-- EXCERPTED RECORDS --
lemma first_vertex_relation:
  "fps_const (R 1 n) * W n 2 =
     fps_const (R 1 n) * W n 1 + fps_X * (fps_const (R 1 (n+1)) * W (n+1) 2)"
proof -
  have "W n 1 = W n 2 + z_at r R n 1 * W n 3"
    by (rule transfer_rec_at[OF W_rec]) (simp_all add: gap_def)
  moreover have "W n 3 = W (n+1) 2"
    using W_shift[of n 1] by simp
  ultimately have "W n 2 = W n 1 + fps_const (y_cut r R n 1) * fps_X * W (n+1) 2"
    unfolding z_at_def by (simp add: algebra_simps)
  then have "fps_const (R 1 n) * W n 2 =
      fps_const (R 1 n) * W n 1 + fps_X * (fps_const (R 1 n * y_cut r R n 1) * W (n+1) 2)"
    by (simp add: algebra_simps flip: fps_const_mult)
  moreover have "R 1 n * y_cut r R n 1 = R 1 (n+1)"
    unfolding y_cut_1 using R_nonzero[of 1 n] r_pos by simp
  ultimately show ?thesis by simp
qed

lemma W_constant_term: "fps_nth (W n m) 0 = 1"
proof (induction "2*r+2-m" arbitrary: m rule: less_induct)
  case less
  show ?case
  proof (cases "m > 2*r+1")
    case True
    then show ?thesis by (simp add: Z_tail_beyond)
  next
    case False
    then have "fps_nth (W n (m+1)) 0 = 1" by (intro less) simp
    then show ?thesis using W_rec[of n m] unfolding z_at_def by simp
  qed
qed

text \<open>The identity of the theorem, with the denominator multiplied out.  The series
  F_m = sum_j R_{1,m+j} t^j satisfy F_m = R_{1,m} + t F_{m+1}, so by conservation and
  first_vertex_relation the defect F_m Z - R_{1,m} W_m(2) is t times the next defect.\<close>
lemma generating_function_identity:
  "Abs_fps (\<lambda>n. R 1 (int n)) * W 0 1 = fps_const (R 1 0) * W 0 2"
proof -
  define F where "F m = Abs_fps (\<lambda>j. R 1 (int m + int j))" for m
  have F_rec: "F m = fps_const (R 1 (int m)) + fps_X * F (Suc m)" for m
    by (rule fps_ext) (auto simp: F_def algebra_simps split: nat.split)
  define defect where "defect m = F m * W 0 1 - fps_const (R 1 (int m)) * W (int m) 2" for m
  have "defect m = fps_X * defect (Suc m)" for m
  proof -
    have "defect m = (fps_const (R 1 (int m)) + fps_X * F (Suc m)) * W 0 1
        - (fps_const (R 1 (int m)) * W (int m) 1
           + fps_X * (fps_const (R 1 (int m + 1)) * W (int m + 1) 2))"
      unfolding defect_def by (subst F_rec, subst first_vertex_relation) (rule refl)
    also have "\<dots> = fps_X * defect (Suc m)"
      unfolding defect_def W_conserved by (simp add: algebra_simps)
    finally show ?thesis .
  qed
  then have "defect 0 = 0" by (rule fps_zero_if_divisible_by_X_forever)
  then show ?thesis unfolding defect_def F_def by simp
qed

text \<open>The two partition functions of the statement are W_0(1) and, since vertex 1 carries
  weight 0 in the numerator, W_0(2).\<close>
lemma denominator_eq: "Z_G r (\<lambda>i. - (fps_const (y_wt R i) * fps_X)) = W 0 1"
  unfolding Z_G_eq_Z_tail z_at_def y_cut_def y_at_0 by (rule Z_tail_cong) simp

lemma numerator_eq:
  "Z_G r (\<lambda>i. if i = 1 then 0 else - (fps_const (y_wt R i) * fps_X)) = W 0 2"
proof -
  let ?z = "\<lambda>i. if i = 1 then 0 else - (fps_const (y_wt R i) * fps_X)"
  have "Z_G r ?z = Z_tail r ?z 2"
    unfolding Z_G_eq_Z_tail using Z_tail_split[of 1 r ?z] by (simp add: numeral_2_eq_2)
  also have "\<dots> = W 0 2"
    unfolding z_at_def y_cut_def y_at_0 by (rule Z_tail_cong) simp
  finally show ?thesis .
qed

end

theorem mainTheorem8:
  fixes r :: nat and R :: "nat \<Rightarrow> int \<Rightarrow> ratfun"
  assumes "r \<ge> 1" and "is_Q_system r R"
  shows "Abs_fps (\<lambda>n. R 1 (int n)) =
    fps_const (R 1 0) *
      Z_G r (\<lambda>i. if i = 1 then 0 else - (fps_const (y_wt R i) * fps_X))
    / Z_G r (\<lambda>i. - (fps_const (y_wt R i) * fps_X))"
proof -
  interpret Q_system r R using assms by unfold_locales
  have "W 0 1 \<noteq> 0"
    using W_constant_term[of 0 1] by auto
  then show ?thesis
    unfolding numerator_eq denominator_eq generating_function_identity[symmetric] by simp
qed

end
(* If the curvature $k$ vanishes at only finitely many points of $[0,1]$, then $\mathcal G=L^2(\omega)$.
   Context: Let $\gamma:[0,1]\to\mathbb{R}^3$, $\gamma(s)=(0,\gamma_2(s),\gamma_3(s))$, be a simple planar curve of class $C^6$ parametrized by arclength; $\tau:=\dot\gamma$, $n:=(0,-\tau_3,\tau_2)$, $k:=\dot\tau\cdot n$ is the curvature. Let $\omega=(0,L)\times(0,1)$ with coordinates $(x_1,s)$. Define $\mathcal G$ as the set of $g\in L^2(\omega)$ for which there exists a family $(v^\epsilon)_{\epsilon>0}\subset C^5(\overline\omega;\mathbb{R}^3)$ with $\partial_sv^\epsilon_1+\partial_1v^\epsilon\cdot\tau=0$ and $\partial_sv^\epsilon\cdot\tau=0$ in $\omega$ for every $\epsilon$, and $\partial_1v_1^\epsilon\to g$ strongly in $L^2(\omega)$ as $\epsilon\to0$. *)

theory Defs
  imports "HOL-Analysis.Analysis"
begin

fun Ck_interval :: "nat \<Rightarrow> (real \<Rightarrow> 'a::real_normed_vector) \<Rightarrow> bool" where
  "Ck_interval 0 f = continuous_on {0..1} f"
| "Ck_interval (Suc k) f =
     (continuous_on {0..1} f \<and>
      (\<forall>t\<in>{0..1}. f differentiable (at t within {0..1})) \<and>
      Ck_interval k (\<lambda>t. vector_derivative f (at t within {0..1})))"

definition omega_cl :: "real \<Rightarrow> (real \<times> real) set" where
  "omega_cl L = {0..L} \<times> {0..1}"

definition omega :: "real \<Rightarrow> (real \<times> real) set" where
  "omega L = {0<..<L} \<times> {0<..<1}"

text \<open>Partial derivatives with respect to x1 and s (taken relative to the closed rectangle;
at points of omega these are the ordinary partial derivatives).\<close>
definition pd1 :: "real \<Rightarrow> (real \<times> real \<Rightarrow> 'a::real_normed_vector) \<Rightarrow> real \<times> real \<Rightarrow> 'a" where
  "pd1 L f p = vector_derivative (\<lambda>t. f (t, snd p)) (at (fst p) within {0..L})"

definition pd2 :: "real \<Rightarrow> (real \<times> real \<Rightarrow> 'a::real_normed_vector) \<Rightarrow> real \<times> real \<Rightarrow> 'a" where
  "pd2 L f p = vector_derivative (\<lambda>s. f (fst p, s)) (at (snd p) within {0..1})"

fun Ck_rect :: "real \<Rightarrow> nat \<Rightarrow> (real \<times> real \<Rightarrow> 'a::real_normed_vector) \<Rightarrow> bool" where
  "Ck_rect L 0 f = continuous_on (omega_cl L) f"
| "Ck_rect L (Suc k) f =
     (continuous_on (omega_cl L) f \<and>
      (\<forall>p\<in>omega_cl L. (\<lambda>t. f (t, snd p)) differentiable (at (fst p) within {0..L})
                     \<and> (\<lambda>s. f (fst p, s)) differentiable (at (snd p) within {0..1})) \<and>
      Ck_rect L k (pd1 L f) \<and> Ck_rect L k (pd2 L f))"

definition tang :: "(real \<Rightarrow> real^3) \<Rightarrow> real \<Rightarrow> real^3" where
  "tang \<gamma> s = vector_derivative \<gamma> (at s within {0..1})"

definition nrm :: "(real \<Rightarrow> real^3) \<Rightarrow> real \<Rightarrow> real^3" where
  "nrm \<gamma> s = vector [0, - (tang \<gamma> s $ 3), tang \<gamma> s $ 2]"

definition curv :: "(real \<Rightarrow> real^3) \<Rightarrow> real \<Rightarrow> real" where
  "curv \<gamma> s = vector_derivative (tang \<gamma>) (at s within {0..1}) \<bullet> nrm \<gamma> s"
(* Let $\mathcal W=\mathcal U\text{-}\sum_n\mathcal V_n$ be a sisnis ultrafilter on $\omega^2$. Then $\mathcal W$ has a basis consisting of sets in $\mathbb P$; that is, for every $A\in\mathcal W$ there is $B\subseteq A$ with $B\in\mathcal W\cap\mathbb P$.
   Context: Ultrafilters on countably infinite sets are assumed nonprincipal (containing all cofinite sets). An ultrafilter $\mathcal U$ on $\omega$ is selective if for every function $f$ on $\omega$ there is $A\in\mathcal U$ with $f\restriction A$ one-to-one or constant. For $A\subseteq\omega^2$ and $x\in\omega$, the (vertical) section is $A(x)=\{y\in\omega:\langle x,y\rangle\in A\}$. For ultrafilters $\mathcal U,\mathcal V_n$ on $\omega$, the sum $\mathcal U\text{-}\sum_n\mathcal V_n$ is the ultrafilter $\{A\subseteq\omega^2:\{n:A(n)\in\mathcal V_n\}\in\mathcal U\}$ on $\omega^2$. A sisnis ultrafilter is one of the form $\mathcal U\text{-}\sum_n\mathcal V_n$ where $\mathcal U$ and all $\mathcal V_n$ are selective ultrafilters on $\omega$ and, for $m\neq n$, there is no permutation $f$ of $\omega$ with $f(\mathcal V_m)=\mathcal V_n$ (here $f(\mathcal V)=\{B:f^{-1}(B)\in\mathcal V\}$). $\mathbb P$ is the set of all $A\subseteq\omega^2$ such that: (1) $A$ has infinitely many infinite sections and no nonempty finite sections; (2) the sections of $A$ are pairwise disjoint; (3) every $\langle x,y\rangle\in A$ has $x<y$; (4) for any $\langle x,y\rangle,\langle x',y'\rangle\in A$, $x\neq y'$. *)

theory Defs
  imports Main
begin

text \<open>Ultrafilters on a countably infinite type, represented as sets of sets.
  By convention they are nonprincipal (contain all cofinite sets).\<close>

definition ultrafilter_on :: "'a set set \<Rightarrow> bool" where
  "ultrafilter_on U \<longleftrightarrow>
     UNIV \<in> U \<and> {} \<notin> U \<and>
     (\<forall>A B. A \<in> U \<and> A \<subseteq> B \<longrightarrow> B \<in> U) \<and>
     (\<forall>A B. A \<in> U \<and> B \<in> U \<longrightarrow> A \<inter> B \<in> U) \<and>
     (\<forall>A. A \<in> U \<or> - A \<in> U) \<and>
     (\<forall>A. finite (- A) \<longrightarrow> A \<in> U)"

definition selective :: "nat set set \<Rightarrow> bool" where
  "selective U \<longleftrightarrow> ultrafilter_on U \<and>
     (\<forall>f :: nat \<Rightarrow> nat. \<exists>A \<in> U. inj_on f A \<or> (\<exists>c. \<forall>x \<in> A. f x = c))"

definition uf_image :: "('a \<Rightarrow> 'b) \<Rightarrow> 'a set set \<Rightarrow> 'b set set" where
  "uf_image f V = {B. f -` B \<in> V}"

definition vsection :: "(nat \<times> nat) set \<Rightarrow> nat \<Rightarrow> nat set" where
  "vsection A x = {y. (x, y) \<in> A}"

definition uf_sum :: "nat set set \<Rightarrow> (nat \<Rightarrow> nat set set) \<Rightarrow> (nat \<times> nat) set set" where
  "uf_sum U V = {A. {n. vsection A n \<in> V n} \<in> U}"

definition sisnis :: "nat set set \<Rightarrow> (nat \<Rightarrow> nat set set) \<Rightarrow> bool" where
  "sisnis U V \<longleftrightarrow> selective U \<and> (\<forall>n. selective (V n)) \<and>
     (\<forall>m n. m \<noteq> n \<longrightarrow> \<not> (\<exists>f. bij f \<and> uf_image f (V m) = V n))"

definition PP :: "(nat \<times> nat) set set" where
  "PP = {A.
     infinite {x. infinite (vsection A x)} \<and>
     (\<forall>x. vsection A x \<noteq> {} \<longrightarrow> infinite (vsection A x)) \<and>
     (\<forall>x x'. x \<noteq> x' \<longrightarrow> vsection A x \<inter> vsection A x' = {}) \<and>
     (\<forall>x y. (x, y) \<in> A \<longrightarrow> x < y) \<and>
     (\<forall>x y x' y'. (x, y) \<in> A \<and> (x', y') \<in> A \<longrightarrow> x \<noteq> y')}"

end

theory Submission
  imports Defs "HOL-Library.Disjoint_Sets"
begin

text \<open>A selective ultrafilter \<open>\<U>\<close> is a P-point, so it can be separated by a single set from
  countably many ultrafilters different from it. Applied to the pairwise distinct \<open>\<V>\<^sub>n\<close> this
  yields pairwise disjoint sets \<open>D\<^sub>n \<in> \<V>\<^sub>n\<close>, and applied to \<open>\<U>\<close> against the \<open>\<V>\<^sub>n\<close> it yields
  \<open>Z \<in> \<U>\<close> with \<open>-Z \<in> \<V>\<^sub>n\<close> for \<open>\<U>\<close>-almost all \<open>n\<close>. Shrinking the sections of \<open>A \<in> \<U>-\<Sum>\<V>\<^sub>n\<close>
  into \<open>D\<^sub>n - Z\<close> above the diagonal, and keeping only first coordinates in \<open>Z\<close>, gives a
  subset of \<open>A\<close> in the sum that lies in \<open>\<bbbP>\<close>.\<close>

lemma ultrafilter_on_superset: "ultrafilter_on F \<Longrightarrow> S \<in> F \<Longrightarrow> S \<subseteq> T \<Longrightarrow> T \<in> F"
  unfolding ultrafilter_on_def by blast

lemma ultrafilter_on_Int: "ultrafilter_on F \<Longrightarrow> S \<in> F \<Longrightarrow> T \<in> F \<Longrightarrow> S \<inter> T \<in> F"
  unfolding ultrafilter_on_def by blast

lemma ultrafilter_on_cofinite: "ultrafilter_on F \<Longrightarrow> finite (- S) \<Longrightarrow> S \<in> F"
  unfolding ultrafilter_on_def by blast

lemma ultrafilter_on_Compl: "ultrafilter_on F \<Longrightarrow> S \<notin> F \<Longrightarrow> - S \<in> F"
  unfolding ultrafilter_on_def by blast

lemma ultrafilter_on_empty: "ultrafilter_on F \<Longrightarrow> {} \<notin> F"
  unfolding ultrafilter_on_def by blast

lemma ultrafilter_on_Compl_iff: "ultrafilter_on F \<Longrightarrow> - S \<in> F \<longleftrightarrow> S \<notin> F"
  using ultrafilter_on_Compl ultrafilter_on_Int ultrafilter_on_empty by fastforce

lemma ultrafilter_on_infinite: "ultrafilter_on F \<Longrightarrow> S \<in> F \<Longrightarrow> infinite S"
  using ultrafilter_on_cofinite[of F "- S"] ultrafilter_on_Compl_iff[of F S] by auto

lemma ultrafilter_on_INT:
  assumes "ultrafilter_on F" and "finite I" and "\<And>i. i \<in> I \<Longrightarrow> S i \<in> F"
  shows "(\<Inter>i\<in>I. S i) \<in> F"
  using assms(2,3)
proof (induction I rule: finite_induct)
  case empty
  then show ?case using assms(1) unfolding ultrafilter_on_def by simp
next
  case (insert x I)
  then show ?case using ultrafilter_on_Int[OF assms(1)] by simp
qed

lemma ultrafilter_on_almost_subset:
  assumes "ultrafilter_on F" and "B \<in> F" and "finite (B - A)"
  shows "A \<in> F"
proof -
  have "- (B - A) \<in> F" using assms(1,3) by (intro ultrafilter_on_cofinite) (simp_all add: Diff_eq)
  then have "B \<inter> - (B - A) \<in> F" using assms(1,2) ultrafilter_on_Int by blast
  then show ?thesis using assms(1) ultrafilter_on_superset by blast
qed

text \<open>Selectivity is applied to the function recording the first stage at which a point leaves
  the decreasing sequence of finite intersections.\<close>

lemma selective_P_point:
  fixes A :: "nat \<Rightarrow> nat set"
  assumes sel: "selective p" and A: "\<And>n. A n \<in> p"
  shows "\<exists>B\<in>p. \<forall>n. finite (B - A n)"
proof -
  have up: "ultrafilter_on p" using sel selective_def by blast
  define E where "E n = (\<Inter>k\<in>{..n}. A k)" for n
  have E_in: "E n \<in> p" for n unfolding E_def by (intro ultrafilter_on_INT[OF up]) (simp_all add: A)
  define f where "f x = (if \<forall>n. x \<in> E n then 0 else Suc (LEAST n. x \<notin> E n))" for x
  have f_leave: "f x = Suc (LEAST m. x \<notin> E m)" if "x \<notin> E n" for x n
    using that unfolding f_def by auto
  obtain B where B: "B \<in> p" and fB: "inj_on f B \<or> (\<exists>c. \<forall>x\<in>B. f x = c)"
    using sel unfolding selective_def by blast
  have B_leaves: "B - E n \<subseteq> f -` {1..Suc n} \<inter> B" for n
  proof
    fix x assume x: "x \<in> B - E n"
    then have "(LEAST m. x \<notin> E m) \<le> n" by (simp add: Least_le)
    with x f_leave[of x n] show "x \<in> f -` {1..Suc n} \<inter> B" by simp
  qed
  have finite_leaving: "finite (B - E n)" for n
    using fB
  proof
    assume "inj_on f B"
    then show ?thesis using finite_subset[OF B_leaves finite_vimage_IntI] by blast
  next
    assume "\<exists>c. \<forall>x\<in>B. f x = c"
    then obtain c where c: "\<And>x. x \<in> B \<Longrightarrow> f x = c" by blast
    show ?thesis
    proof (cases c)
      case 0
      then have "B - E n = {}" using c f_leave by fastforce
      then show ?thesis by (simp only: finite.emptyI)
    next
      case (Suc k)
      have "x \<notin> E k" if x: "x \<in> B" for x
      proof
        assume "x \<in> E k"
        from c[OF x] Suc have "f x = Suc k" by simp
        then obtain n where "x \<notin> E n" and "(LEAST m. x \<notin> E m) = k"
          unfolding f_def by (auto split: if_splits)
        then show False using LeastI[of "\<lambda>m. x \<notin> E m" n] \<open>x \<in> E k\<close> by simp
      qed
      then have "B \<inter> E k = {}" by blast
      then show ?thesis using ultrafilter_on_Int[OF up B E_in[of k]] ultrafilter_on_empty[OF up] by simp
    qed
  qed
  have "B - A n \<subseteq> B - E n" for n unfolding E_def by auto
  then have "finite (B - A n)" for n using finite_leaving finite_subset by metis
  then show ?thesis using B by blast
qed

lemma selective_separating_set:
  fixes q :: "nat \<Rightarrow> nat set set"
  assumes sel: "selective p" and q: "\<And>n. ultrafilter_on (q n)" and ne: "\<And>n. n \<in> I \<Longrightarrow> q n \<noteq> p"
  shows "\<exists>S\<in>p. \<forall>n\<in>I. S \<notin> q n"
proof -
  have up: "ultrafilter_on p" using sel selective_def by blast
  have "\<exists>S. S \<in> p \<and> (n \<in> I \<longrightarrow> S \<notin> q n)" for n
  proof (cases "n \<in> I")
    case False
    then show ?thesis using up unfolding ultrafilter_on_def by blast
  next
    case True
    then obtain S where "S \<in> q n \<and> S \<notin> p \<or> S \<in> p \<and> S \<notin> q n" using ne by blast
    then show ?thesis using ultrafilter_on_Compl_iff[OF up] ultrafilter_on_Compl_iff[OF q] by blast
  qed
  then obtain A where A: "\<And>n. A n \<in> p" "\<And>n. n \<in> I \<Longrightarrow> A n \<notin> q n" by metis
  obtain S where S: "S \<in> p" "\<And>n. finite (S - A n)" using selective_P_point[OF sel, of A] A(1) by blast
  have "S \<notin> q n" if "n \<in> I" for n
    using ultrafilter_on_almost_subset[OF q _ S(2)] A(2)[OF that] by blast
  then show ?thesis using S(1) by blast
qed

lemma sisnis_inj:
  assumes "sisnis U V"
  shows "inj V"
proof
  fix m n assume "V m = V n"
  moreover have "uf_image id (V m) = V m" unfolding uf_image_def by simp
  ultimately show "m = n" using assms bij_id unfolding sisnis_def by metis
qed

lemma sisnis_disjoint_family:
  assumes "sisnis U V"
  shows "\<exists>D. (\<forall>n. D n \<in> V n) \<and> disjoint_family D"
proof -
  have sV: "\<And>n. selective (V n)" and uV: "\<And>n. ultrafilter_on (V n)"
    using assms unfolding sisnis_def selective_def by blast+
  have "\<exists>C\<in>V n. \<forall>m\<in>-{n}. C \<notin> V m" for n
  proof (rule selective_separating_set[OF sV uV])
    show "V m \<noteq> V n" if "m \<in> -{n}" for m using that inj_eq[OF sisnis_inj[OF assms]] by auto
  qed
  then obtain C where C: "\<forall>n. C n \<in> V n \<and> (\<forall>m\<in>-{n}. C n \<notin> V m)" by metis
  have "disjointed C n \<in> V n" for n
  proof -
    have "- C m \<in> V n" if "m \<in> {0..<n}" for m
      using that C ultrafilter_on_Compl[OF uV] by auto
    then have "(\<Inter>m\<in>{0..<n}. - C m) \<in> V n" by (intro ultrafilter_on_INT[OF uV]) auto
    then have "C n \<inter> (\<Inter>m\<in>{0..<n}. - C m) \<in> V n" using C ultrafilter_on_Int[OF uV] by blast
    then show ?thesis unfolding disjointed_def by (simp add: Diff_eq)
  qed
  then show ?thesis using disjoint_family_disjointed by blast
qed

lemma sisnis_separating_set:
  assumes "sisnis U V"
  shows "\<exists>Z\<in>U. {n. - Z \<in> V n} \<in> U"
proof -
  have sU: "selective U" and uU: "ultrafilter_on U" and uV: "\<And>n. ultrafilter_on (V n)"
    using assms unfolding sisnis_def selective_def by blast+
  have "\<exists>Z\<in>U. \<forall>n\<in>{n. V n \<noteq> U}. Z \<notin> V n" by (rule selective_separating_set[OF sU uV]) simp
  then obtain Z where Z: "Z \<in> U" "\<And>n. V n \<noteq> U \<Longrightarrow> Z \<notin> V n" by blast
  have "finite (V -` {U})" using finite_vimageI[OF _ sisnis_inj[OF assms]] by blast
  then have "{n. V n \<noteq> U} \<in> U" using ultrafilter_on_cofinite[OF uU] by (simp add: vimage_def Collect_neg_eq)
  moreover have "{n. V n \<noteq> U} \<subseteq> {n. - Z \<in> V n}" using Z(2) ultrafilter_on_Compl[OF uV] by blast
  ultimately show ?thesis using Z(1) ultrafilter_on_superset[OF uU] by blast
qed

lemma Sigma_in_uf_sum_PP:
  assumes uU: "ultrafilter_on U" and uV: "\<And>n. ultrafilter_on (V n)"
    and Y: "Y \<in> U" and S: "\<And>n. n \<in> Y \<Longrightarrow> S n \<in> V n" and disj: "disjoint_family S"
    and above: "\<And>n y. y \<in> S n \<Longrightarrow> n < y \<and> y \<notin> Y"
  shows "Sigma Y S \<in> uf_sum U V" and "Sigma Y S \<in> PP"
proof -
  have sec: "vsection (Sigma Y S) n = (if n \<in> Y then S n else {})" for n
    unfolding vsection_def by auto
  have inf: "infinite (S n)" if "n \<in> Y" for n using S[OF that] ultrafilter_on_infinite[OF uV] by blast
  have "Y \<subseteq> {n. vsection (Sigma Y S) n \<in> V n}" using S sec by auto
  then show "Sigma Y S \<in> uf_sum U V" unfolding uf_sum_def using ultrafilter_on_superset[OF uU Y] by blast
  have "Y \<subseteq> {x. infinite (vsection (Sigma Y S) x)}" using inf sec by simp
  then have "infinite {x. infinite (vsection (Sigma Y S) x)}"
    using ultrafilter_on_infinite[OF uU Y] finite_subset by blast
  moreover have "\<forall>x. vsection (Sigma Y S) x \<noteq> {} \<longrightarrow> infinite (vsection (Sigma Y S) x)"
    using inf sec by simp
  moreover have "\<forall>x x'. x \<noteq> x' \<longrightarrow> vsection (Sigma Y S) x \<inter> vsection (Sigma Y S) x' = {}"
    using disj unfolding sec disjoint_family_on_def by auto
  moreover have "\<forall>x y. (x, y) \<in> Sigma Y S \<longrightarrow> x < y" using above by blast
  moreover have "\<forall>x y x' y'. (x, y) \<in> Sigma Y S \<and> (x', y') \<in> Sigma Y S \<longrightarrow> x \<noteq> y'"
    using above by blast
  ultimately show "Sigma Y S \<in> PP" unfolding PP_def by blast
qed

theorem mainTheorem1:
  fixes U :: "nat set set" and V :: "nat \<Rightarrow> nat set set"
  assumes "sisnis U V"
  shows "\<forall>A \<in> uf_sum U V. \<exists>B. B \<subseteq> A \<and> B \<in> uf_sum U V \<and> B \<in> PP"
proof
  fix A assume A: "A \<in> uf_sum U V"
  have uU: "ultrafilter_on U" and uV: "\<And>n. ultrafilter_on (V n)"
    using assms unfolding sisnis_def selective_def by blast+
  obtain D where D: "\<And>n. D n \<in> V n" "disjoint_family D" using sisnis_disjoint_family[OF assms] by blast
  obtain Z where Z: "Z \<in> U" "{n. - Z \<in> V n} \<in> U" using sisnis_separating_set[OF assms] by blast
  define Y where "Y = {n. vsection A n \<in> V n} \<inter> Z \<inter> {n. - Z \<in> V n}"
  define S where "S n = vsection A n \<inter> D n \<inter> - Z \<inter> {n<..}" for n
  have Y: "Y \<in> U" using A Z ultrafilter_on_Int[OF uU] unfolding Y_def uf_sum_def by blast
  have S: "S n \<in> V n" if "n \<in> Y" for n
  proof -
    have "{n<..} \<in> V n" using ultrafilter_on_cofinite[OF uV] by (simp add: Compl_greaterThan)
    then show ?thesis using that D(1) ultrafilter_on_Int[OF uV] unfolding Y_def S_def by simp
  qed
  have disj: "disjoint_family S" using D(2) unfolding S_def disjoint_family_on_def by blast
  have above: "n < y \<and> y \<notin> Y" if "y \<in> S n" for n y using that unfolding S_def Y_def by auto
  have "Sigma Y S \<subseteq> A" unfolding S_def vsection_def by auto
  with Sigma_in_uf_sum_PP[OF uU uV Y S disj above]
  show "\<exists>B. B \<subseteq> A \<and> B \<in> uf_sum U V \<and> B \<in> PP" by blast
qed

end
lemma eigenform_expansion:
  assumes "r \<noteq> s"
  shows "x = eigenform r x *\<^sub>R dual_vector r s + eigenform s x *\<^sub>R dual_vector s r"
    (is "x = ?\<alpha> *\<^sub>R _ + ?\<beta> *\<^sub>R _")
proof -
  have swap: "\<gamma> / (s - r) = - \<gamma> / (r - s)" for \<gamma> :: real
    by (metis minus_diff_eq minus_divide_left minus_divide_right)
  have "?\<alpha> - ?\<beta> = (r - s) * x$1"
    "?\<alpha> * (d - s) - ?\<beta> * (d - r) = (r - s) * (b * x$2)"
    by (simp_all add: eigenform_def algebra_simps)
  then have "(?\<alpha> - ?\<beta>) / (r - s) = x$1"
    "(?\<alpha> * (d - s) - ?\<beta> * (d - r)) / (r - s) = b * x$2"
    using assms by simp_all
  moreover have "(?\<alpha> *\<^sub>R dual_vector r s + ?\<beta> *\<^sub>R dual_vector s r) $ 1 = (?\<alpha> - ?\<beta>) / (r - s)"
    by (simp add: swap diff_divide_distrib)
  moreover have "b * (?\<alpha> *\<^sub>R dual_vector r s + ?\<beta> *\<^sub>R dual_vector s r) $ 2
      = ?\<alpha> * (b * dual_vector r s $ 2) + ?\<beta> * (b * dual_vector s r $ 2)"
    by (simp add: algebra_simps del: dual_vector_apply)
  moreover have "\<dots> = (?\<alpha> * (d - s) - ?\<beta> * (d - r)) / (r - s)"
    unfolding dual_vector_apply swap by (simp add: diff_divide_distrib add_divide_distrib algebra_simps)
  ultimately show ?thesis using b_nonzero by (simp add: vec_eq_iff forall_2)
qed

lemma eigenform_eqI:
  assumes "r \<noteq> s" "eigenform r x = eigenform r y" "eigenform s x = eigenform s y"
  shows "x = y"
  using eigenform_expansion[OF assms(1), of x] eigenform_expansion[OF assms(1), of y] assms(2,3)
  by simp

-- WHAT THE EXERCISE ASKS --
Give back, word for word, only the lines above from the line holding "unfolding vsection_def by auto" to the line holding "Y] by blast", both included.

-- EXPECTED ANSWER --
    unfolding vsection_def by auto
  have inf: "infinite (S n)" if "n \<in> Y" for n using S[OF that] ultrafilter_on_infinite[OF uV] by blast
  have "Y \<subseteq> {n. vsection (Sigma Y S) n \<in> V n}" using S sec by auto
  then show "Sigma Y S \<in> uf_sum U V" unfolding uf_sum_def using ultrafilter_on_superset[OF uU Y] by blast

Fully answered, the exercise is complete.